The traditional assumption, which McGregor called ‘Theory X’- is that the average human being has an inherent dislike of work and will avoid it if he can. He prefers to be directed, avoids responsibility, has little ambition, and wants security above all. Because of this human characteristic, the worker must be controlled, coerced, and threatened in order to get him to make an adequate effort. Theory X, said McGregor, was the way most bosses dealt with people. It led to ‘carrot and stick’ management. And it was not a good way to manage.

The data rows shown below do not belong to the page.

(* Let $J\subseteq\Sigma$ and $c\in\mathbf{Z}^\Sigma$ with $c_\tau\in[1,p-1]$ for all $\tau$. Then $r=r(J,c)$ (defined using any admissible choice of $\tau_0$, if a choice is needed) satisfies $r_\tau\in[1,p]$ for all $\tau\in\Sigma$ and, for every $\tau\in\Sigma$, \[\sum_{i=0}^{f-1}(-1)^{\tau\circ\varphi^i\notin J}\,r_{\tau\circ\varphi^i}\,p^i\equiv\Omega_{\tau,c}\pmod{p^f-1}.\]
   Context: Let $p$ be a prime, $k$ a finite field of degree $f$ over $\mathbf{F}_p$, $\Sigma=\mathrm{Hom}_{\mathbf{F}_p}(k,\overline{\mathbf{F}}_p)$, $\varphi(x)=x^p$ on $k$ (so $\Sigma=\{\tau\circ\varphi^i:0\le i<f\}$). For $a\in\mathbf{Z}^\Sigma$, $\Omega_{\tau,a}=\sum_{i=0}^{f-1}p^ia_{\tau\circ\varphi^i}$. For $J\subseteq\Sigma$, $(-1)^{\tau\notin J}$ is $-1$ if $\tau\notin J$ and $1$ if $\tau\in J$. The map $\delta_J\colon\mathbf{Z}^\Sigma\times\Sigma\to\mathbf{Z}^\Sigma$: given $(x,\tau)$, let $y=\delta_J(x,\tau)$. If $1\le x_\tau\le p$, $y=x$. If $x_\tau\le0$: $y_\tau=x_\tau+p$, $y_{\tau\circ\varphi}=x_{\tau\circ\varphi}-1$ if $\tau\circ\varphi\notin J$ and $x_{\tau\circ\varphi}+1$ if $\tau\circ\varphi\in J$, and $y_\kappa=x_\kappa$ for other $\kappa$. If $x_\tau>p$: $y_\tau=x_\tau-p$, $y_{\tau\circ\varphi}=x_{\tau\circ\varphi}-1$ if $\tau\circ\varphi\notin J$ and $x_{\tau\circ\varphi}+1$ if $\tau\circ\varphi\in J$, and $y_\kappa=x_\kappa$ for other $\kappa$. The vector $r(J,c)$ for $c_\tau\in[1,p-1]$: define $y_0\in\mathbf{Z}^\Sigma$ by $y_{0,\tau}=c_\tau$ if $\tau\in J,\tau\circ\varphi^{-1}\in J$; $c_\tau+1$ if $\tau\in J,\tau\circ\varphi^{-1}\notin J$; $p-c_\tau$ if $\tau\notin J,\tau\circ\varphi^{-1}\in J$; $p-1-c_\tau$ if $\tau\notin J,\tau\circ\varphi^{-1}\notin J$. If $y_{0,\tau}>0$ for all $\tau$, $r(J,c)=y_0$. Otherwise choose $\tau_0$ with $y_{0,\tau_0}=0$, define $y_\kappa=\delta_J(y_{\kappa-1},\tau_0\circ\varphi^{\kappa-1})$ for $\kappa=1,\dots,f$, and set $r(J,c)=y_f$. *)

theory Defs
  imports "HOL-Computational_Algebra.Primes"
begin

text \<open>Model: fix an embedding tau_base; the elements of Sigma are indexed by
  i in {0..<f}, index i standing for tau_base o phi^i. Then
  (index i) o phi = index ((i+1) mod f), and tau o phi^j = index ((i+j) mod f).
  Vectors in Z^Sigma are functions nat => int (only values on {0..<f} matter);
  subsets J of Sigma are sets of indices J <= {0..<f}.\<close>

definition nxt :: "nat \<Rightarrow> nat \<Rightarrow> nat" where
  "nxt f i = (i + 1) mod f"

definition prv :: "nat \<Rightarrow> nat \<Rightarrow> nat" where
  "prv f i = (i + f - 1) mod f"

definition sgnJ :: "nat set \<Rightarrow> nat \<Rightarrow> int" where
  "sgnJ J t = (if t \<in> J then 1 else -1)"

definition Omega :: "nat \<Rightarrow> nat \<Rightarrow> (nat \<Rightarrow> int) \<Rightarrow> nat \<Rightarrow> int" where
  "Omega p f a t = (\<Sum>i<f. int p ^ i * a ((t + i) mod f))"

text \<open>The two changes
  are applied additively (relevant only when tau o phi = tau, i.e. f = 1).\<close>
definition delta :: "nat \<Rightarrow> nat \<Rightarrow> nat set \<Rightarrow> (nat \<Rightarrow> int) \<Rightarrow> nat \<Rightarrow> (nat \<Rightarrow> int)" where
  "delta p f J x t =
     (if 1 \<le> x t \<and> x t \<le> int p then x
      else (\<lambda>k. x k
               + (if k = t then (if x t \<le> 0 then int p else - int p) else 0)
               + (if k = nxt f t then sgnJ J (nxt f t) else 0)))"

definition y0 :: "nat \<Rightarrow> nat \<Rightarrow> nat set \<Rightarrow> (nat \<Rightarrow> int) \<Rightarrow> (nat \<Rightarrow> int)" where
  "y0 p f J c = (\<lambda>t.
     if t \<in> J \<and> prv f t \<in> J then c t
     else if t \<in> J \<and> prv f t \<notin> J then c t + 1
     else if t \<notin> J \<and> prv f t \<in> J then int p - c t
     else int p - 1 - c t)"

fun yseq :: "nat \<Rightarrow> nat \<Rightarrow> nat set \<Rightarrow> (nat \<Rightarrow> int) \<Rightarrow> nat \<Rightarrow> nat \<Rightarrow> (nat \<Rightarrow> int)" where
  "yseq p f J c t0 0 = y0 p f J c"
| "yseq p f J c t0 (Suc k) = delta p f J (yseq p f J c t0 k) ((t0 + k) mod f)"

definition rvec :: "nat \<Rightarrow> nat \<Rightarrow> nat set \<Rightarrow> (nat \<Rightarrow> int) \<Rightarrow> nat \<Rightarrow> (nat \<Rightarrow> int)" where
  "rvec p f J c t0 =
     (if \<forall>t<f. 0 < y0 p f J c t then y0 p f J c else yseq p f J c t0 f)"

end

theory Submission
  imports Defs "HOL-Number_Theory.Cong"
begin

(* Write x^J for the vector tau |-> (-1)^(tau notin J) x_tau, so that the sum in the theorem is
   Omega_{tau, r^J}. Omega is linear, and the carry vector e_{tau o phi} - p e_tau has
   Omega = 0 mod p^f - 1, because p * p^(f-1) = p^f = 1. The vector y_0^J differs from c by the
   carries at the tau notin J, and a delta_J step at tau that actually moves x_tau changes x^J
   by the carry at tau; hence every y_kappa satisfies the congruence.
   For the range: a zero of y_0 sits at some tau_0 notin J. Sweeping along tau_0 o phi^kappa,
   each step settles its entry into [1, p] and adds the sign of the next entry to it, which
   keeps that entry in the window from which the next step settles it; the last carry lands on
   tau_0, whose entry p becomes p or p - 1. *)

definition signed :: "nat set \<Rightarrow> (nat \<Rightarrow> int) \<Rightarrow> nat \<Rightarrow> int" where
  "signed J x k = sgnJ J k * x k"

definition carry_vec :: "nat \<Rightarrow> nat \<Rightarrow> nat \<Rightarrow> nat \<Rightarrow> int" where
  "carry_vec p f s k = (if k = nxt f s then 1 else 0) - int p * (if k = s then 1 else 0)"

(* The values of x_s from which one delta_J step at s lands in [1, p], shifting x_s by -p if
   s in J and by +p otherwise, so that x^J changes by exactly carry_vec. *)
definition delta_window :: "nat \<Rightarrow> nat set \<Rightarrow> nat \<Rightarrow> int \<Rightarrow> bool" where
  "delta_window p J s v \<longleftrightarrow>
     (if s \<in> J then 1 \<le> v \<and> v \<le> 2 * int p else 1 - int p \<le> v \<and> v \<le> int p)"

lemma mod_if_less_double: "(a::nat) < 2 * f \<Longrightarrow> a mod f = (if a < f then a else a - f)"
  by (simp add: le_mod_geq mod_if)

lemma rotate_eq_iff:
  fixes t f :: nat
  assumes "t < f" "i < f" "s < f"
  shows "(t + i) mod f = s \<longleftrightarrow> i = (s + f - t) mod f"
  using assms by (auto simp: mod_if_less_double)

lemma rotate_inj:
  fixes t f :: nat
  assumes "t < f" "i < f" "j < f"
  shows "(t + i) mod f = (t + j) mod f \<longleftrightarrow> i = j"
proof -
  have j: "(t + j) mod f < f"
    using assms by simp
  then have "j = ((t + j) mod f + f - t) mod f"
    using rotate_eq_iff[OF assms(1,3) j] by simp
  then show ?thesis
    using rotate_eq_iff[OF assms(1,2) j] by simp
qed

lemma nxt_rotate: "nxt f ((t + k) mod f) = (t + Suc k) mod f"
  unfolding nxt_def by (simp add: mod_Suc_eq)

lemma nxt_eq_iff_prv: "s < f \<Longrightarrow> u < f \<Longrightarrow> s = nxt f u \<longleftrightarrow> u = prv f s"
  unfolding nxt_def prv_def by (auto simp: mod_if_less_double)

lemma Omega_add: "Omega p f (\<lambda>k. a k + b k) t = Omega p f a t + Omega p f b t"
  unfolding Omega_def by (simp add: algebra_simps sum.distrib)

lemma Omega_diff: "Omega p f (\<lambda>k. a k - b k) t = Omega p f a t - Omega p f b t"
  unfolding Omega_def by (simp add: algebra_simps sum_subtractf)

lemma Omega_mult_left: "Omega p f (\<lambda>k. m * a k) t = m * Omega p f a t"
  unfolding Omega_def by (simp add: algebra_simps sum_distrib_left)

lemma Omega_sum:
  "finite U \<Longrightarrow> Omega p f (\<lambda>k. \<Sum>u\<in>U. w u k) t = (\<Sum>u\<in>U. Omega p f (w u) t)"
  unfolding Omega_def by (simp add: sum_distrib_left sum.swap[of _ U])

lemma Omega_cong: "(\<And>k. k < f \<Longrightarrow> a k = b k) \<Longrightarrow> Omega p f a t = Omega p f b t"
  unfolding Omega_def by (intro sum.cong) auto

lemma Omega_unit:
  assumes "s < f" "t < f"
  shows "Omega p f (\<lambda>k. if k = s then 1 else 0) t = int p ^ ((s + f - t) mod f)"
proof -
  have "Omega p f (\<lambda>k. if k = s then 1 else 0) t
      = (\<Sum>i<f. if i = (s + f - t) mod f then int p ^ i else 0)"
    unfolding Omega_def using rotate_eq_iff[OF assms(2) _ assms(1)] by (intro sum.cong) auto
  also have "\<dots> = int p ^ ((s + f - t) mod f)"
    using assms by simp
  finally show ?thesis .
qed

lemma Omega_carry_vec_cong:
  assumes "s < f" "t < f"
  shows "[Omega p f (carry_vec p f s) t = 0] (mod int p ^ f - 1)"
proof -
  define e where "e = (s + f - t) mod f"
  have "e < f"
    using assms unfolding e_def by simp
  have nxt_exp: "(nxt f s + f - t) mod f = (if Suc e < f then Suc e else 0)"
    using assms unfolding e_def nxt_def by (auto simp: mod_if_less_double)
  have "nxt f s < f"
    using assms unfolding nxt_def by simp
  have Omega_eq: "Omega p f (carry_vec p f s) t
      = int p ^ (if Suc e < f then Suc e else 0) - int p * int p ^ e"
    unfolding carry_vec_def Omega_diff Omega_mult_left Omega_unit[OF assms]
      Omega_unit[OF \<open>nxt f s < f\<close> assms(2)] nxt_exp e_def[symmetric] ..
  show ?thesis
  proof (cases "Suc e < f")
    case True
    then show ?thesis
      unfolding Omega_eq by simp
  next
    case False
    with \<open>e < f\<close> have "int p * int p ^ e = int p ^ f"
      by (metis Suc_lessI power_Suc)
    then have "Omega p f (carry_vec p f s) t = - (int p ^ f - 1)"
      unfolding Omega_eq using False by simp
    then show ?thesis
      unfolding cong_0_iff by (simp only: dvd_minus_iff dvd_refl)
  qed
qed

lemma signed_y0:
  assumes "s < f"
  shows "signed J (y0 p f J c) s = c s + (\<Sum>u | u < f \<and> u \<notin> J. carry_vec p f u s)"
proof -
  define U where "U = {u. u < f \<and> u \<notin> J}"
  have "finite U"
    unfolding U_def by simp
  have "(\<Sum>u\<in>U. carry_vec p f u s)
      = (\<Sum>u\<in>U. if u = prv f s then 1 else 0) - (\<Sum>u\<in>U. if u = s then int p else 0)"
    unfolding carry_vec_def sum_subtractf using nxt_eq_iff_prv[OF assms]
    by (intro arg_cong2[where f = "(-)"] sum.cong) (auto simp: U_def)
  also have "\<dots> = (if prv f s \<in> U then 1 else 0) - (if s \<in> U then int p else 0)"
    using \<open>finite U\<close> by (simp add: sum.delta')
  finally show ?thesis
    using assms unfolding U_def signed_def y0_def sgnJ_def prv_def by auto
qed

So, in place of Theory X, McGregor suggested 'Theory Y'. This formulation states that working is a s natural as playing or resting; that people want to work and achieve; that the average human being learns, under proper conditions, not only to accept but to seek responsibility; and that the intellectual potentialities of the average worker were only partially utilized. Therefore, says Theory Y, 'external control and the threat of punishment are not the only ways to bring about effort:' Man will exercise self-direction and self-control in the service of objectives to which he is committed.'
Theory Z: An improvement on Theory Y by William Ouchi in the 1980s. Using Z, the Japanese bring together management and workers in cohesive work groups. Every one is part of a consensual-decision making process. To improve quality, workers and management work together in ‘Quality Circles’.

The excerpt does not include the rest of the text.